Nei primi giorni di navigazione, verso Amburgo, mi rendo conto di quanto vasto si spalanca il tempo a bordo – e dell'impossibilità di riempirlo. Posso leggere, fumare sul minuscolo ponte aperto e guardare il mare che è splendido e mozzafiato e, in fondo, una cosa che se ne sta lì, tutt'intorno. Passo ogni tanto al ponte di navigazione, dove devono sempre essere di guardia due ufficiali per tenere la rotta ed evitare collisioni. Una vetrata a 360° permette di vedere l'orizzonte, segnato dalle onde o dalle torri di container; all'interno i comandi occupano alcuni pannelli lunghi svariati metri, costellati di leve, pulsanti e lucine che fanno pensare alla fantascienza anni Sessanta. Ci sono dei radar e un Gps, ma la posizione va segnata ogni ora a mano su una mappa di carta.

Di notte il ponte è immerso nel buio, per permettere di scorgere le navi in lontananza; ci vogliono svariati minuti per abituare la vista, durante i quali il cielo nero si popola gradualmente di stelle. Passo svariate sere lì, mentre il terzo ufficiale con pazienza e passione mi spiega qualche rudimento di navigazione. Quando tacciamo il silenzio è rotto solo dalla radio di emergenza che trasmette suoni di statica e, nelle zone portuali, gli scherzi di qualche radioamatore che sa che quel canale, sulle navi, deve essere sempre acceso. Navighiamo placidamente, circondati dal buio e dalle stelle, interrotti ogni tanto da insulti gridati in filippino o dall'audio a tutto volume di un film porno.
Partiti da Amburgo, in sei giorni di oceano attraversiamo la baia di Biscaglia. Il mare è insolitamente clemente, a parte un giorno in cui tocca la forza sei: a me sembra molto fastidioso, all'equipaggio sembra straordinariamente calmo e a un allievo ufficiale al primo imbarco sembra la morte venuta a prenderlo. Abbandonata la costa i telefoni non prendono più, e questo contribuisce a dilatare il passare del tempo. Comincio a toccare l'isolamento, il senso di distacco, che è una componente della vita di mare e che non è una "esperienza", ma una detenzione sorda e priva di appigli.

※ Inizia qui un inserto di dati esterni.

lemma nn_integral_powr_substitution:
  fixes f :: "real \<Rightarrow> real" and c a :: real
  assumes [measurable]: "f \<in> borel_measurable borel" and c: "c > 0" and a: "a > 0"
  shows "(\<integral>\<^sup>+u. f u * indicator {0<..} u \<partial>lborel) =
    (\<integral>\<^sup>+x. f (c * x powr a) * (c * a * x powr (a - 1)) * indicator {0<..} x \<partial>lborel)"
proof (rule nn_integral_substitution_positive)
  show "((\<lambda>x. c * x powr a) has_real_derivative c * a * x powr (a - 1)) (at x)" if "x > 0" for x
    using DERIV_cmult[OF has_real_derivative_powr[OF that], of c a] by (simp add: mult.assoc)
  show "continuous_on {0<..} (\<lambda>x. c * a * x powr (a - 1))"
    by (intro continuous_intros) auto
  show "(\<lambda>x. c * x powr a) ` {0<..} = {0<..}"
  proof (intro subset_antisym subsetI)
    fix y :: real assume "y \<in> {0<..}"
    then have "y = c * ((y / c) powr (1 / a)) powr a" "(y / c) powr (1 / a) > 0"
      using c a by (auto simp: powr_powr)
    then show "y \<in> (\<lambda>x. c * x powr a) ` {0<..}" by blast
  qed (use c in auto)
qed (use c a in auto)

lemma AE_powr_preimage:
  fixes a :: real
  assumes "AE t in lborel. P t" and a: "a > 0"
  shows "AE s in lborel. s > 0 \<longrightarrow> P (s powr a)"
proof -
  obtain N where N: "{t. \<not> P t} \<subseteq> N" "emeasure lborel N = 0" and [measurable]: "N \<in> sets borel"
    using assms(1) by (auto elim!: AE_E)
  have "(\<integral>\<^sup>+s. indicator N (s powr a) * (a * s powr (a - 1)) * indicator {0<..} s \<partial>lborel) =
      (\<integral>\<^sup>+u. ennreal (indicator N u * indicator {0<..} u) \<partial>lborel)"
    by (subst nn_integral_powr_substitution[of "indicator N" 1 a]) (use a in auto)
  also have "\<dots> \<le> (\<integral>\<^sup>+u. indicator N u \<partial>lborel)"
    by (intro nn_integral_mono) (auto split: split_indicator)
  also have "\<dots> = 0" using N by auto
  finally have "AE s in lborel. ennreal (indicator N (s powr a) * (a * s powr (a - 1)) * indicator {0<..} s) = 0"
    by (subst nn_integral_0_iff_AE[symmetric]) auto
  then show ?thesis
  proof eventually_elim
    case (elim s)
    show ?case
    proof
      assume "s > 0"
      then have "a * s powr (a - 1) > 0" using a by simp
      then have "s powr a \<notin> N" using elim \<open>s > 0\<close> by (auto simp: indicator_def)
      then show "P (s powr a)" using N(1) by blast
    qed
  qed
qed

lemma nn_integral_unit_interval_substitution:
  fixes h :: "real \<Rightarrow> real"
  assumes [measurable]: "h \<in> borel_measurable borel"
  shows "(\<integral>\<^sup>+w. h w * indicator {0<..<1} w \<partial>lborel) =
    (\<integral>\<^sup>+t. h (1 / (t + 1)) / (t + 1)\<^sup>2 * indicator {0<..} t \<partial>lborel)"
proof -
  (* Reflect to (-1, 0), so that the substitution t \<mapsto> -1 / (t + 1) is increasing. *)
  have "(\<integral>\<^sup>+w. h w * indicator {0<..<1} w \<partial>lborel) =
      (\<integral>\<^sup>+y. h (- y) * indicator {-1<..<0} y \<partial>lborel)"
    by (subst nn_integral_real_affine[where c = "-1" and t = 0])
      (auto intro!: nn_integral_cong split: split_indicator)
  also have "\<dots> = (\<integral>\<^sup>+t. h (- (- 1 / (t + 1))) * (1 / (t + 1)\<^sup>2) * indicator {0<..} t \<partial>lborel)"
  proof (rule nn_integral_substitution_positive)
    show "((\<lambda>t. - 1 / (t + 1)) has_real_derivative 1 / (t + 1)\<^sup>2) (at t)" if "t > 0" for t :: real
      using that by (auto intro!: derivative_eq_intros simp: power2_eq_square)
    show "continuous_on {0<..} (\<lambda>t::real. 1 / (t + 1)\<^sup>2)"
      by (intro continuous_intros) auto
    show "(\<lambda>t::real. - 1 / (t + 1)) ` {0<..} = {-1<..<0}"
    proof (intro subset_antisym subsetI)
      fix y :: real assume "y \<in> {-1<..<0}"
      then have "y = - 1 / ((- 1 / y - 1) + 1)" "- 1 / y - 1 > 0"
        by (auto simp: field_simps)
      then show "y \<in> (\<lambda>t. - 1 / (t + 1)) ` {0<..}" by fastforce
    qed (auto simp: field_simps)
  qed auto
  finally show ?thesis
    by simp
qed

lemma has_laplace_at_nn_integral:
  fixes G :: "real \<Rightarrow> real"
  assumes [measurable]: "G \<in> borel_measurable borel"
    and G_nonneg: "\<And>u. G u \<ge> 0" and "V \<ge> 0"
    and laplace: "(\<integral>\<^sup>+u. exp (- s * u) * G u * indicator {0<..} u \<partial>lborel) = ennreal V"
  shows "has_laplace_at G s V"
proof -
  have "(\<integral>\<^sup>+u. ennreal (indicator {0<..} u *\<^sub>R (exp (- s * u) * G u)) \<partial>lborel) = ennreal V"
    using laplace by (simp add: mult.commute)
  then have "integrable lborel (\<lambda>u. indicator {0<..} u *\<^sub>R (exp (- s * u) * G u)) \<and>
      integral\<^sup>L lborel (\<lambda>u. indicator {0<..} u *\<^sub>R (exp (- s * u) * G u)) = V"
    using G_nonneg \<open>V \<ge> 0\<close> by (intro nn_integral_eq_integrable[THEN iffD1]) auto
  then show ?thesis
    unfolding has_laplace_at_def laplace_transform_def set_integrable_def set_lebesgue_integral_def
    by simp
qed

lemma (in prob_space) indep_var_lborel:
  fixes X Y :: "'a \<Rightarrow> real"
  assumes "indep_var borel X borel Y"
  shows "indep_var lborel X lborel Y"
proof -
  have [measurable]: "random_variable borel X" "random_variable borel Y"
    and "distr M borel X \<Otimes>\<^sub>M distr M borel Y = distr M (borel \<Otimes>\<^sub>M borel) (\<lambda>\<omega>. (X \<omega>, Y \<omega>))"
    using assms unfolding indep_var_distribution_eq by auto
  moreover have "distr M lborel X = distr M borel X" "distr M lborel Y = distr M borel Y"
    by (auto intro: distr_cong)
  moreover have "distr M (lborel \<Otimes>\<^sub>M lborel) (\<lambda>\<omega>. (X \<omega>, Y \<omega>)) = distr M (borel \<Otimes>\<^sub>M borel) (\<lambda>\<omega>. (X \<omega>, Y \<omega>))"
    by (auto intro!: distr_cong sets_pair_measure_cong)
  ultimately show ?thesis
    unfolding indep_var_distribution_eq by simp
qed

lemma distributed_lborelI:
  fixes R :: "'a \<Rightarrow> real" and \<rho> :: "real \<Rightarrow> ennreal"
  assumes [measurable]: "R \<in> borel_measurable M" "\<rho> \<in> borel_measurable borel"
    and law: "\<And>E. E \<in> sets borel \<Longrightarrow>
      (\<integral>\<^sup>+\<omega>. indicator E (R \<omega>) \<partial>M) = (\<integral>\<^sup>+t. \<rho> t * indicator E t \<partial>lborel)"
  shows "distributed M lborel R \<rho>"
proof -
  have "distr M lborel R = density lborel \<rho>"
  proof (rule measure_eqI)
    fix E assume "E \<in> sets (distr M lborel R)"
    then have [measurable]: "E \<in> sets borel" by simp
    have "emeasure (distr M lborel R) E = (\<integral>\<^sup>+y. indicator E y \<partial>distr M lborel R)"
      by (rule nn_integral_indicator[symmetric]) simp
    also have "\<dots> = (\<integral>\<^sup>+\<omega>. indicator E (R \<omega>) \<partial>M)"
      by (rule nn_integral_distr) simp_all
    also have "\<dots> = emeasure (density lborel \<rho>) E"
      by (simp add: law emeasure_density)
    finally show "emeasure (distr M lborel R) E = emeasure (density lborel \<rho>) E" .
  qed simp
  then show ?thesis
    unfolding distributed_def by simp
qed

Al quinto giorno è previsto un passaggio vicino alle Canarie, abbastanza perché arrivi la rete; e dalle cinque il ponte si popola di marinai che brandiscono in alto i telefoni come bacchette di rabdomanti. Il mio è fra gli ultimi a trovare il segnale (è uno dei pochissimi iPhone), e quando ottengo la linea le luci di Tenerife già si allontanano a poppa. È la prima volta da una settimana che sento la voce di una donna.